Work request:
Filter the data for "esub" and copy matching lines.

═══

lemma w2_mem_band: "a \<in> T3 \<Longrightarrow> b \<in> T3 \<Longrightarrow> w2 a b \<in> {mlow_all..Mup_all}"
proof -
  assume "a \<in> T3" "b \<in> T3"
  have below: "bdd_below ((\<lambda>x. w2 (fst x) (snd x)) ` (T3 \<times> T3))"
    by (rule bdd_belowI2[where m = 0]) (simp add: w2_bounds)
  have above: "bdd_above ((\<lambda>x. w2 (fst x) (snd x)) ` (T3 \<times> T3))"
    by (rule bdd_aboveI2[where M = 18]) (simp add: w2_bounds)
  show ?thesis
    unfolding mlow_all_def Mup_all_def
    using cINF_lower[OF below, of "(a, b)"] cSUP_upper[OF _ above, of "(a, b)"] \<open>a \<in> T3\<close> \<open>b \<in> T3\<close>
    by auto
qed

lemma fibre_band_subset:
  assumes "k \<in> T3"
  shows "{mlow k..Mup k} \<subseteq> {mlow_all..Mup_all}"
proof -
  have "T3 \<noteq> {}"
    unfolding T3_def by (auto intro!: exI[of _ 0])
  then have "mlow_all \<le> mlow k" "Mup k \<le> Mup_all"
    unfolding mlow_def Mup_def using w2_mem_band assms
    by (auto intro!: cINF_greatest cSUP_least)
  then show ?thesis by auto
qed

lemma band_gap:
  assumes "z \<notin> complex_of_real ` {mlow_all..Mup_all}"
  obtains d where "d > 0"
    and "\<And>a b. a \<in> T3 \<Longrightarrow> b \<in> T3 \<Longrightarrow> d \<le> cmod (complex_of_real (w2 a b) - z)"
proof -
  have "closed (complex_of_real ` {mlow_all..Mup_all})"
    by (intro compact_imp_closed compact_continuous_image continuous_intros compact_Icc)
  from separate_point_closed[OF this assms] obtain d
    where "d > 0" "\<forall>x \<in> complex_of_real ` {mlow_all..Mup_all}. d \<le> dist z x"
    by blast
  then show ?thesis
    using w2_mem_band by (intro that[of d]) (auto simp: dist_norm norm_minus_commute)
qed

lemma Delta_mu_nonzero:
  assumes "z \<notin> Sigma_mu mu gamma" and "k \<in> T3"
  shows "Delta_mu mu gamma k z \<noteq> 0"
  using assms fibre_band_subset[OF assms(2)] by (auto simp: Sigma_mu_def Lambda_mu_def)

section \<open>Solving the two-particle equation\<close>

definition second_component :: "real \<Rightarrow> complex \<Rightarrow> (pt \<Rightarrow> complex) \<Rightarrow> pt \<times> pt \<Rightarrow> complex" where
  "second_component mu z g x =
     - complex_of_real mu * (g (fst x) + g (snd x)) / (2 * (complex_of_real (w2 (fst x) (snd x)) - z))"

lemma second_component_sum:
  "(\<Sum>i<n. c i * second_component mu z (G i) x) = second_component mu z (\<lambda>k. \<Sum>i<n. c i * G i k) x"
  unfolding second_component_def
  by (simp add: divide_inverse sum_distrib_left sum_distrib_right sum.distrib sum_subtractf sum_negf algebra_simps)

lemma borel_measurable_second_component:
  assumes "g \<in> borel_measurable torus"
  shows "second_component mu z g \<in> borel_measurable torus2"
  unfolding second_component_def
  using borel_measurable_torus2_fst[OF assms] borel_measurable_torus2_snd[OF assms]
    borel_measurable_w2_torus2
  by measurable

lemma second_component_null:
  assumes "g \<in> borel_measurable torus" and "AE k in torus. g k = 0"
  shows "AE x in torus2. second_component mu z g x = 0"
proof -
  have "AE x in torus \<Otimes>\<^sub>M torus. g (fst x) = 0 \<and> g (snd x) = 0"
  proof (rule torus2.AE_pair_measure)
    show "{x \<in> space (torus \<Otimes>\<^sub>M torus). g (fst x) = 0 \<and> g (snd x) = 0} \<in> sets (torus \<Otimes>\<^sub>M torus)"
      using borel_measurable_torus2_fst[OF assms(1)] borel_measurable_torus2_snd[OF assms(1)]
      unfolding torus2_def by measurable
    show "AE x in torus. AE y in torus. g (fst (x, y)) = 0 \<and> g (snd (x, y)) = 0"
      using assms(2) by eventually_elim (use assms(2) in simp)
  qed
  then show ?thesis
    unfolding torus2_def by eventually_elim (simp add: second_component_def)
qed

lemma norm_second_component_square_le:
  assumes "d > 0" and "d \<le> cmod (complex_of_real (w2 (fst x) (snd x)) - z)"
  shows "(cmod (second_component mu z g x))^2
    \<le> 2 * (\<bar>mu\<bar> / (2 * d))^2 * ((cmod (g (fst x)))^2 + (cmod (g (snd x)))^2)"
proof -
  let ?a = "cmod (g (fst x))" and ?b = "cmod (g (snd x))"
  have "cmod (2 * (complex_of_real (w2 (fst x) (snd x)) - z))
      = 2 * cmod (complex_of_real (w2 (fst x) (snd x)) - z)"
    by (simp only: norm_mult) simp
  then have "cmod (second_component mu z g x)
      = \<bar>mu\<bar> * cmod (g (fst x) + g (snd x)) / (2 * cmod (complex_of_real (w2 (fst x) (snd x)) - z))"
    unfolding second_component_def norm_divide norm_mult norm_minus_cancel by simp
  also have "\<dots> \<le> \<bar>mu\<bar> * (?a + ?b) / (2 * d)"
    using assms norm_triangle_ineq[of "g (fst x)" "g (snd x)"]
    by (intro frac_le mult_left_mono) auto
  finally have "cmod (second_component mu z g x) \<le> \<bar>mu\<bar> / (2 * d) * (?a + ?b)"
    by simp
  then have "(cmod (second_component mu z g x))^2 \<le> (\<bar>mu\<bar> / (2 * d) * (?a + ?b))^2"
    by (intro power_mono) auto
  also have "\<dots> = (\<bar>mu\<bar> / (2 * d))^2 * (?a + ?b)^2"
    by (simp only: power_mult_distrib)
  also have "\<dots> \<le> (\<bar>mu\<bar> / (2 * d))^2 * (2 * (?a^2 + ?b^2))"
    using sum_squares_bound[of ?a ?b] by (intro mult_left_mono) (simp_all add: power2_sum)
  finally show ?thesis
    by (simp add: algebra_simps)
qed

═══

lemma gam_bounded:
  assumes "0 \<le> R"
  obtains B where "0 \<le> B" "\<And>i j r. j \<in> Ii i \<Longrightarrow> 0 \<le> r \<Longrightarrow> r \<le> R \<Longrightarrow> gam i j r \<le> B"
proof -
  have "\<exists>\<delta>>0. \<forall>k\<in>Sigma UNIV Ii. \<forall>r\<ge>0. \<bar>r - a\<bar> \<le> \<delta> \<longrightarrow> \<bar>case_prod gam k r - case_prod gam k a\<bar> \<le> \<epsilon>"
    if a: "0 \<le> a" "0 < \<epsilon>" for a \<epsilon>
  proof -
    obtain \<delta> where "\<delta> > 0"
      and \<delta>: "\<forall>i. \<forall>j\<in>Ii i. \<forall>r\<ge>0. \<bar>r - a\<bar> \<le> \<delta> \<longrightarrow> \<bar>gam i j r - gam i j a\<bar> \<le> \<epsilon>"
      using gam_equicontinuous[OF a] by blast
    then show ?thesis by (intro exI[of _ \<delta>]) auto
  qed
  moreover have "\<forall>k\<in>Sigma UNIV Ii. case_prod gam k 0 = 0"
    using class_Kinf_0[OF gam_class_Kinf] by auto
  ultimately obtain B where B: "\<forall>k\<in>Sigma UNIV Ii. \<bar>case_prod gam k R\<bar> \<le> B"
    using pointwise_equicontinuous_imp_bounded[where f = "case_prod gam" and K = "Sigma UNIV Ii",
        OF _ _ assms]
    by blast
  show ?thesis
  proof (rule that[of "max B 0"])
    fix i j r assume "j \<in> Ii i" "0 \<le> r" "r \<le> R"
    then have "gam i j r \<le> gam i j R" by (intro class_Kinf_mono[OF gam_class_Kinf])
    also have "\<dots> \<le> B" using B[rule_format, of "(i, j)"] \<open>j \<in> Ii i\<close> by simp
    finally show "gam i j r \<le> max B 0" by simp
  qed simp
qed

═══

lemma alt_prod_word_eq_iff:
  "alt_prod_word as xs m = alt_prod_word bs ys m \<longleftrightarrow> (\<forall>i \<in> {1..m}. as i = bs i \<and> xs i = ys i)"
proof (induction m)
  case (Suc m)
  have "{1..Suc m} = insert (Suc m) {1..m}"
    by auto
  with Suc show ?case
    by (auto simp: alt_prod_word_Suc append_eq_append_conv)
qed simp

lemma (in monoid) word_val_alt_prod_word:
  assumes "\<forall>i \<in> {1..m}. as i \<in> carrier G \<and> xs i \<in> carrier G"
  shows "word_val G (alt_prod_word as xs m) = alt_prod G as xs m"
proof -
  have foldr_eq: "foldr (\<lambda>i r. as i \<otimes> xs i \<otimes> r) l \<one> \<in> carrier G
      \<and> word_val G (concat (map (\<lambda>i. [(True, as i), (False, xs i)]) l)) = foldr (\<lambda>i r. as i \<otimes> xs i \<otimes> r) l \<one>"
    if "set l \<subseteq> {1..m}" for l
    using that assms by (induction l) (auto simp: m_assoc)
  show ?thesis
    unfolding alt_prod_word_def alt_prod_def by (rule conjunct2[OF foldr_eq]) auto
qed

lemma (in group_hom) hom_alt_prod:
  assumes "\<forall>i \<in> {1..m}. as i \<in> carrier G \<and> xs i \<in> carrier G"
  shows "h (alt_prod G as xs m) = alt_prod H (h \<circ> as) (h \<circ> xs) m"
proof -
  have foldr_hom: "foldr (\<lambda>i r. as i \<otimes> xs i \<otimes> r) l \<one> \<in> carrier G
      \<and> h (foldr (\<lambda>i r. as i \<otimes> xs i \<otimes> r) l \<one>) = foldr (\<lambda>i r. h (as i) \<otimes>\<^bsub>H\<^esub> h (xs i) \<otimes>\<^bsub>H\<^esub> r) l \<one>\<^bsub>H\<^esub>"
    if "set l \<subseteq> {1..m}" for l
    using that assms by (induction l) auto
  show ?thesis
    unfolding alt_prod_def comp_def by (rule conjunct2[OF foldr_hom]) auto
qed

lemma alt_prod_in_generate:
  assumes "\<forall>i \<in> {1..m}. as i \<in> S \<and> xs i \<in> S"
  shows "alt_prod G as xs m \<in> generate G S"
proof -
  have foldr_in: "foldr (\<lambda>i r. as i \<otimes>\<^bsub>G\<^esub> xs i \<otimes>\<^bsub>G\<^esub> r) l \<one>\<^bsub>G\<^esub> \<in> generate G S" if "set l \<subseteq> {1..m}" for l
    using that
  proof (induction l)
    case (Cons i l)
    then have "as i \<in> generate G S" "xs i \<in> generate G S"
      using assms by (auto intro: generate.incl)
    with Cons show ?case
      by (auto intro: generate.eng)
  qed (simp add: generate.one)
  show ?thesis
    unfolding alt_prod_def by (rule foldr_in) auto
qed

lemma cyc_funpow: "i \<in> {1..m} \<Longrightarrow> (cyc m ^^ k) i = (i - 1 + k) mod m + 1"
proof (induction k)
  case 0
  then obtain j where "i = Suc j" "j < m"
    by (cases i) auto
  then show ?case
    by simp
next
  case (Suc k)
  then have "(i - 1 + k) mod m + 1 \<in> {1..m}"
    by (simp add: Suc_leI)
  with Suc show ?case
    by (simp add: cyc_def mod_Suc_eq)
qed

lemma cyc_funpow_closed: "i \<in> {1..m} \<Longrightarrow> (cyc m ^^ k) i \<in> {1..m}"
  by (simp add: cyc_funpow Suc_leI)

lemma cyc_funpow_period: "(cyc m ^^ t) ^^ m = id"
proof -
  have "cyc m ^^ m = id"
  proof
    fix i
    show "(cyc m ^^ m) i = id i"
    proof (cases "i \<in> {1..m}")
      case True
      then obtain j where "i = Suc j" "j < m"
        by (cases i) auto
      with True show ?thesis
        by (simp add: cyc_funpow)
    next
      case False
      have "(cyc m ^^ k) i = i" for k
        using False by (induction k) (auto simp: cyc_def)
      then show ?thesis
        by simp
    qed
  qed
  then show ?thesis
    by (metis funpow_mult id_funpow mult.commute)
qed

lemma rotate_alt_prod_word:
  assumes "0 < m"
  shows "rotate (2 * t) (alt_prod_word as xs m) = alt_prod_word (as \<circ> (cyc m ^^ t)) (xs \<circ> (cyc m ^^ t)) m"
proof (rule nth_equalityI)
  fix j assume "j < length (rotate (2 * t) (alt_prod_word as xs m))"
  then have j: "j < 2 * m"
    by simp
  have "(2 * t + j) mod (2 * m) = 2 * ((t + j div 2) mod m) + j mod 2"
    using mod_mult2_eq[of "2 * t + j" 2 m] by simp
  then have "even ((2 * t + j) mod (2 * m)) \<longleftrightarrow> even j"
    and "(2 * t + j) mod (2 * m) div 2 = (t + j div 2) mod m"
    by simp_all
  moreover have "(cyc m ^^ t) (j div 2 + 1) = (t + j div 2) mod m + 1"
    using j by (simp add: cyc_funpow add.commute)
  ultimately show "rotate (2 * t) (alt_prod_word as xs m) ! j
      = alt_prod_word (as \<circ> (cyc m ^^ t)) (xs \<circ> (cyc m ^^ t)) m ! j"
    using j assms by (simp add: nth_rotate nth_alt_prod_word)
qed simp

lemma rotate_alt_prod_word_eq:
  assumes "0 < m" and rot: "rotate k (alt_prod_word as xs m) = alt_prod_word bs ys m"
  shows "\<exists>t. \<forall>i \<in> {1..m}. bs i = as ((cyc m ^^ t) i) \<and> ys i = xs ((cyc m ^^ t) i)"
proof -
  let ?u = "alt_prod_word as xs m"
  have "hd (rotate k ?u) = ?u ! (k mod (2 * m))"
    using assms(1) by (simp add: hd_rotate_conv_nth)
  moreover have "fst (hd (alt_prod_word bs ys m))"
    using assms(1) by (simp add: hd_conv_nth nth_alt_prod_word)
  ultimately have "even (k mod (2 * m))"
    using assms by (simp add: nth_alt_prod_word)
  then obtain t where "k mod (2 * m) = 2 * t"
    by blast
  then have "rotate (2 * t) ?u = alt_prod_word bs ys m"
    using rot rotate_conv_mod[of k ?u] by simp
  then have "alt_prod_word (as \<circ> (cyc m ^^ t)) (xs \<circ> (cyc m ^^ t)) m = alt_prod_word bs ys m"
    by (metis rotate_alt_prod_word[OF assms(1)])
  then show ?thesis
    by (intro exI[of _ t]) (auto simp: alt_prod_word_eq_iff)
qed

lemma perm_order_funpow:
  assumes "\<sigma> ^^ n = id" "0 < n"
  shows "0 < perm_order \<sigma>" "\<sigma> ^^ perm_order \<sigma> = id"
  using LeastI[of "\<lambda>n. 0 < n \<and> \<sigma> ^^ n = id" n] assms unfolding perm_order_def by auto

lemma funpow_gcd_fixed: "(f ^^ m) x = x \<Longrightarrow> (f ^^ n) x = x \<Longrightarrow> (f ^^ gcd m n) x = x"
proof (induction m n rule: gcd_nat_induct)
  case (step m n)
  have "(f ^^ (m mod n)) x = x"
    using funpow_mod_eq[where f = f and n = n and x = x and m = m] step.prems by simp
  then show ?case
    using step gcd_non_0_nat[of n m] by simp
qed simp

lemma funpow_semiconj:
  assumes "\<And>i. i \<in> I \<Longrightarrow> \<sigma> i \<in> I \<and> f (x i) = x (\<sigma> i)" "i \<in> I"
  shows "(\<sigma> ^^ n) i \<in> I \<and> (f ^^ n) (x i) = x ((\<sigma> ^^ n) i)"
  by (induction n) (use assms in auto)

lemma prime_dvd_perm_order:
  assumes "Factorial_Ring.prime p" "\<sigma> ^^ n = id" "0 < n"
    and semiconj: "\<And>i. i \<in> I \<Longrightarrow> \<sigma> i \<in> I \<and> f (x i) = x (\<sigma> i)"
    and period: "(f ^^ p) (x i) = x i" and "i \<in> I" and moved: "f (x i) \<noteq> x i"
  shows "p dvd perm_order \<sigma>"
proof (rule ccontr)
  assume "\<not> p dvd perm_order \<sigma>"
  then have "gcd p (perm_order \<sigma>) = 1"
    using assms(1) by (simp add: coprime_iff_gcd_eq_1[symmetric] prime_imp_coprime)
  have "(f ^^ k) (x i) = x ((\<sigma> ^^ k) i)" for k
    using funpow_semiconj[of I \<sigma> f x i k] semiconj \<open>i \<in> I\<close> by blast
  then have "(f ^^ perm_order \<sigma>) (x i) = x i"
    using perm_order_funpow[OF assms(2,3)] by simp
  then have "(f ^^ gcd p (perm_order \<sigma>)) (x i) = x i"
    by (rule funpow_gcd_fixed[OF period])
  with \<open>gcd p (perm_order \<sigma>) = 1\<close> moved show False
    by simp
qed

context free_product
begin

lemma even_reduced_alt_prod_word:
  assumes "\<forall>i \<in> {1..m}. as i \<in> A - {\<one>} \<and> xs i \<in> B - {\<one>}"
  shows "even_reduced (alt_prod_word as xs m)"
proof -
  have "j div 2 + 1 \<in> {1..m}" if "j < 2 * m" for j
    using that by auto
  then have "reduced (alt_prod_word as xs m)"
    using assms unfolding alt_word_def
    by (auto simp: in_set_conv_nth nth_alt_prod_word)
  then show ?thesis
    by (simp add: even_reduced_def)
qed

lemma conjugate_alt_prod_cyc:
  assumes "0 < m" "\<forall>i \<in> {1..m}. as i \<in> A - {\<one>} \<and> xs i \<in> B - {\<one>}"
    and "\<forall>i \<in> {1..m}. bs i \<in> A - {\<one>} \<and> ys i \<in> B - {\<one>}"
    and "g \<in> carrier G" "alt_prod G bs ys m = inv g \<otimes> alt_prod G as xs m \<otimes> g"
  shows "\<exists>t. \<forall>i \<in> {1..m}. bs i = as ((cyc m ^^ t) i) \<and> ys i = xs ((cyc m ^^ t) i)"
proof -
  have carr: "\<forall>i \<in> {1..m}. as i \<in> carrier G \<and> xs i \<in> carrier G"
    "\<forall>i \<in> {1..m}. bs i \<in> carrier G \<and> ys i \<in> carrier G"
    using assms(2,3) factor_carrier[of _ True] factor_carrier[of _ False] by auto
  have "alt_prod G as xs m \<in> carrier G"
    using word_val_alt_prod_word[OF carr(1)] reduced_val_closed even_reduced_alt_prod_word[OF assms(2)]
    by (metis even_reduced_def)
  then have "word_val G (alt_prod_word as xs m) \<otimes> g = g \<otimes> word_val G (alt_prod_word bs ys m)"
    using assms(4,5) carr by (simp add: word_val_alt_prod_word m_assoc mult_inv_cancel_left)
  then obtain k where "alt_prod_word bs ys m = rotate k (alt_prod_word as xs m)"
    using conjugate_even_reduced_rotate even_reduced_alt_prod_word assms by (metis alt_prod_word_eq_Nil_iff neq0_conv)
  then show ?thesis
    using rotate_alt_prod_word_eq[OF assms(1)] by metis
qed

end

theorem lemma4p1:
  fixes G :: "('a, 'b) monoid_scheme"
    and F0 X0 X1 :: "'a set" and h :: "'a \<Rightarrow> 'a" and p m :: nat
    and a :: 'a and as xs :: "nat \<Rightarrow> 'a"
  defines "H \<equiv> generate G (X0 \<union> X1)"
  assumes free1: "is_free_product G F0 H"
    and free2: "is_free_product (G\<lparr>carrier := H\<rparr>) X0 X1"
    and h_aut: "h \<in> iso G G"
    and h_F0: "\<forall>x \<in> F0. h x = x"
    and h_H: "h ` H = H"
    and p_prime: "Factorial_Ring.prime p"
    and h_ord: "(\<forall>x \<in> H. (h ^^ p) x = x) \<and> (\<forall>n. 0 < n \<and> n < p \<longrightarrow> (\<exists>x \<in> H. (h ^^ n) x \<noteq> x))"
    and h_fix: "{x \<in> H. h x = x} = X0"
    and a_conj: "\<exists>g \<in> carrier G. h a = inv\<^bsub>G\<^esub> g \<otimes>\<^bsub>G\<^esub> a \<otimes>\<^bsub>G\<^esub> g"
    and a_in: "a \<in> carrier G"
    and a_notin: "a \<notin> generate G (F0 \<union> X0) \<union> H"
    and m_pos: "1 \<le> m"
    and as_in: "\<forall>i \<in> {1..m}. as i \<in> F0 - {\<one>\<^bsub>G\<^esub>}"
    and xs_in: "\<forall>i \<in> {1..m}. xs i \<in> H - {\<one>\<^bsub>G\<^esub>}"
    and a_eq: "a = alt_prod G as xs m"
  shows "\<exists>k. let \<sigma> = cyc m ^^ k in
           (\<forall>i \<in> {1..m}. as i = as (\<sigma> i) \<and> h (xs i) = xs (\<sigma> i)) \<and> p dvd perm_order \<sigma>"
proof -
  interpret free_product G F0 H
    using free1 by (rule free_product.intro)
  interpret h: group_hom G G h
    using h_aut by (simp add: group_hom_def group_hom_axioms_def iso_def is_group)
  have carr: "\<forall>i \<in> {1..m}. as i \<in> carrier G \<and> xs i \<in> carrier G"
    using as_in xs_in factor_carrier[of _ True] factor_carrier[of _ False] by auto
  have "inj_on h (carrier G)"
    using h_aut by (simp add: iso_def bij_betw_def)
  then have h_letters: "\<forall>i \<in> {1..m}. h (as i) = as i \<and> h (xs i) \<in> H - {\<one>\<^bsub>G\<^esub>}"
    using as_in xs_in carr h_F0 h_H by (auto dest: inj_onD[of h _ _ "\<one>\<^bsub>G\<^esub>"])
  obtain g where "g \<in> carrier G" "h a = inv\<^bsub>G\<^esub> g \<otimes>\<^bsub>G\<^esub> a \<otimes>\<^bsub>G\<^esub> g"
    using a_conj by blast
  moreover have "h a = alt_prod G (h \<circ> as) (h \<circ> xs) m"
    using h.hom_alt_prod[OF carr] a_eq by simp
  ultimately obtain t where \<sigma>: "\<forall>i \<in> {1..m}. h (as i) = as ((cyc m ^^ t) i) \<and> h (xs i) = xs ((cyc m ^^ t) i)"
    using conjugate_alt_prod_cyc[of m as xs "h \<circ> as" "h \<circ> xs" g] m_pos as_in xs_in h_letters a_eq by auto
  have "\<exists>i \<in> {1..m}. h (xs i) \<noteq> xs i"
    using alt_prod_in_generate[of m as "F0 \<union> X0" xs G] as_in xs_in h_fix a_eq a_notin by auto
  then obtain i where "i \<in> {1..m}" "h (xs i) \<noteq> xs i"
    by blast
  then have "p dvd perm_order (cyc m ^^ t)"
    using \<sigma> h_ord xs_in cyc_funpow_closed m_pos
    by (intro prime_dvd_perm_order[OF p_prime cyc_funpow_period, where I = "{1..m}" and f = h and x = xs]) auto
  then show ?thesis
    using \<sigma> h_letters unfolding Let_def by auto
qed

═══

Reply:
      \<and> h (foldr (\<lambda>i r. as i \<otimes> xs i \<otimes> r) l \<one>) = foldr (\<lambda>i r. h (as i) \<otimes>\<^bsub>H\<^esub> h (xs i) \<otimes>\<^bsub>H\<^esub> r) l \<one>\<^bsub>H\<^esub>"
  have foldr_in: "foldr (\<lambda>i r. as i \<otimes>\<^bsub>G\<^esub> xs i \<otimes>\<^bsub>G\<^esub> r) l \<one>\<^bsub>G\<^esub> \<in> generate G S" if "set l \<subseteq> {1..m}" for l
    and a_conj: "\<exists>g \<in> carrier G. h a = inv\<^bsub>G\<^esub> g \<otimes>\<^bsub>G\<^esub> a \<otimes>\<^bsub>G\<^esub> g"
    and as_in: "\<forall>i \<in> {1..m}. as i \<in> F0 - {\<one>\<^bsub>G\<^esub>}"
    and xs_in: "\<forall>i \<in> {1..m}. xs i \<in> H - {\<one>\<^bsub>G\<^esub>}"
  then have h_letters: "\<forall>i \<in> {1..m}. h (as i) = as i \<and> h (xs i) \<in> H - {\<one>\<^bsub>G\<^esub>}"
    using as_in xs_in carr h_F0 h_H by (auto dest: inj_onD[of h _ _ "\<one>\<^bsub>G\<^esub>"])
  obtain g where "g \<in> carrier G" "h a = inv\<^bsub>G\<^esub> g \<otimes>\<^bsub>G\<^esub> a \<otimes>\<^bsub>G\<^esub> g"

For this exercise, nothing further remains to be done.